▶ What to work on: Whenever a line contains the string "integral", copy it out of the entries.

☆ ☆ ☆ ☆ ☆

(* Assume (A1) and (A3). Let $\alpha<1$, let $\Theta=(\theta_1,\dots,\theta_J)\in\mathsf T^J$ be fixed and let $\kappa\le 0$. Then for every $\boldsymbol\lambda\in\mathcal S_J$ we have $\Psi_\alpha(\mu_{\boldsymbol\lambda,\Theta})<\infty$, and for every $\eta>0$ the sequence $(\boldsymbol\lambda_n)_{n\ge1}$ defined by an arbitrary $\boldsymbol\lambda_1\in\mathcal S_J$ and $\boldsymbol\lambda_{n+1}=\mathcal I^{\mathrm{mixt}}_\alpha(\boldsymbol\lambda_n)$ is well-defined (all normalising sums lie in $(0,\infty)$). If in addition $\boldsymbol\lambda_1\in\mathcal S_J^+$, $\eta\in(0,1]$, and the measures $K(\theta_1,\cdot),\dots,K(\theta_J,\cdot)$ are linearly independent, then: (i) $(\Psi_\alpha(\mu_{\boldsymbol\lambda_n,\Theta}))_{n\ge1}$ is nonincreasing; (ii) $(\boldsymbol\lambda_n)_{n\ge1}$ converges to some $\boldsymbol\lambda^\star\in\mathcal S_J$ which is a fixed point of $\mathcal I^{\mathrm{mixt}}_\alpha$; (iii) $\Psi_\alpha(\mu_{\boldsymbol\lambda^\star,\Theta})=\inf_{\boldsymbol\lambda'\in\mathcal S_J}\Psi_\alpha(\mu_{\boldsymbol\lambda',\Theta})$.
   Context: Let $(\mathsf Y,\mathcal Y,\nu)$ be a measure space with $\nu$ $\sigma$-finite, and $(\mathsf T,\mathcal T)$ a measurable space. Let $k:\mathsf T\times\mathsf Y\to[0,\infty)$ be measurable with $\int_{\mathsf Y}k(\theta,y)\nu(dy)=1$ for all $\theta$, and $K(\theta,A)=\int_A k(\theta,y)\nu(dy)$. Let $p$ be a measurable positive function on $\mathsf Y$. For a probability measure $\mu$ on $\mathsf T$ write $\mu k(y)=\int_{\mathsf T}\mu(d\theta)k(\theta,y)$. For $\alpha\in\mathbb R$ let $f_0(u)=u-1-\log u$, $f_1(u)=1-u+u\log u$, and $f_\alpha(u)=\frac{1}{\alpha(\alpha-1)}[u^\alpha-1-\alpha(u-1)]$ for $\alpha\notin\{0,1\}$ ($u>0$); so $f_\alpha'(u)=\frac{u^{\alpha-1}-1}{\alpha-1}$ for $\alpha\neq1$. Define $\Psi_\alpha(\mu)=\int_{\mathsf Y}f_\alpha\big(\mu k(y)/p(y)\big)p(y)\nu(dy)$ and $b_{\mu,\alpha}(\theta)=\int_{\mathsf Y}k(\theta,y)f_\alpha'\big(\mu k(y)/p(y)\big)\nu(dy)$. Assumption (A1): $k(\theta,y)>0$ and $p(y)>0$ for all $(\theta,y)$, and $\int_{\mathsf Y}p\,d\nu<\infty$. Mixture setting: $\mathcal S_J=\{\boldsymbol\lambda\in\mathbb R^J:\lambda_j\ge0,\sum_j\lambda_j=1\}$, $\mathcal S_J^+=\{\boldsymbol\lambda\in\mathcal S_J:\lambda_j>0\ \forall j\}$, and for $\Theta=(\theta_1,\dots,\theta_J)\in\mathsf T^J$, $\mu_{\boldsymbol\lambda,\Theta}=\sum_{j=1}^J\lambda_j\delta_{\theta_j}$. Given $\eta>0$ and $\kappa$ with $(\alpha-1)\kappa\ge0$, let $\Gamma_\alpha(v)=[(\alpha-1)v+1]^{\eta/(1-\alpha)}$ and $\mathcal I^{\mathrm{mixt}}_\alpha(\boldsymbol\lambda)=\Big(\frac{\lambda_j\Gamma_\alpha(b_{\mu_{\boldsymbol\lambda,\Theta},\alpha}(\theta_j)+\kappa)}{\sum_{\ell=1}^J\lambda_\ell\Gamma_\alpha(b_{\mu_{\boldsymbol\lambda,\Theta},\alpha}(\theta_\ell)+\kappa)}\Big)_{1\le j\le J}$ (the Power Descent update on the mixture weights). Assumption (A3): (i) for all $y$, $\theta\mapsto k(\theta,y)$ is continuous (with $\mathsf T$ a metric space with Borel $\sigma$-field); (ii) $\int_{\mathsf Y}\max_{1\le j\le J}k(\theta_j,y)\cdot\max_{1\le j'\le J}\big(k(\theta_{j'},y)/p(y)\big)^{\alpha-1}\nu(dy)<\infty$; if $\alpha=0$, additionally $\int_{\mathsf Y}\max_{1\le j\le J}|\log(k(\theta_j,y)/p(y))|\,p(y)\nu(dy)<\infty$. *)

theory Defs
  imports "HOL-Analysis.Analysis"
begin

definition falpha :: "real \<Rightarrow> real \<Rightarrow> real" where
  "falpha \<alpha> u =
     (if \<alpha> = 0 then u - 1 - ln u
      else if \<alpha> = 1 then 1 - u + u * ln u
      else (u powr \<alpha> - 1 - \<alpha> * (u - 1)) / (\<alpha> * (\<alpha> - 1)))"

definition falpha' :: "real \<Rightarrow> real \<Rightarrow> real" where
  "falpha' \<alpha> u = (if \<alpha> = 1 then ln u else (u powr (\<alpha> - 1) - 1) / (\<alpha> - 1))"

definition simplexJ :: "(real ^ 'j) set" where
  "simplexJ = {l. (\<forall>j. 0 \<le> l $ j) \<and> (\<Sum>j\<in>UNIV. l $ j) = 1}"

definition simplexJ_pos :: "(real ^ 'j) set" where
  "simplexJ_pos = {l. (\<forall>j. 0 < l $ j) \<and> (\<Sum>j\<in>UNIV. l $ j) = 1}"

definition mixk :: "('a \<Rightarrow> 'y \<Rightarrow> real) \<Rightarrow> ('j::finite \<Rightarrow> 'a) \<Rightarrow> real ^ 'j \<Rightarrow> 'y \<Rightarrow> real" where
  "mixk k \<Theta> l y = (\<Sum>j\<in>UNIV. l $ j * k (\<Theta> j) y)"

text \<open>Psi_alpha(mu) = int f_alpha(mu k / p) p d nu, given the density mk = mu k.\<close>
definition Psi :: "'y measure \<Rightarrow> ('y \<Rightarrow> real) \<Rightarrow> real \<Rightarrow> ('y \<Rightarrow> real) \<Rightarrow> ennreal" where
  "Psi \<nu> p \<alpha> mk = (\<integral>\<^sup>+ y. ennreal (falpha \<alpha> (mk y / p y) * p y) \<partial>\<nu>)"

definition bfun :: "'y measure \<Rightarrow> ('a \<Rightarrow> 'y \<Rightarrow> real) \<Rightarrow> ('y \<Rightarrow> real) \<Rightarrow> real
                    \<Rightarrow> ('y \<Rightarrow> real) \<Rightarrow> 'a \<Rightarrow> real" where
  "bfun \<nu> k p \<alpha> mk \<theta> = (\<integral> y. k \<theta> y * falpha' \<alpha> (mk y / p y) \<partial>\<nu>)"

definition Gamma_a :: "real \<Rightarrow> real \<Rightarrow> real \<Rightarrow> real" where
  "Gamma_a \<alpha> \<eta> v = ((\<alpha> - 1) * v + 1) powr (\<eta> / (1 - \<alpha>))"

☆ ☆ ☆ ☆ ☆

▶ Response for this exercise:
  "Psi \<nu> p \<alpha> mk = (\<integral>\<^sup>+ y. ennreal (falpha \<alpha> (mk y / p y) * p y) \<partial>\<nu>)"
  "bfun \<nu> k p \<alpha> mk \<theta> = (\<integral> y. k \<theta> y * falpha' \<alpha> (mk y / p y) \<partial>\<nu>)"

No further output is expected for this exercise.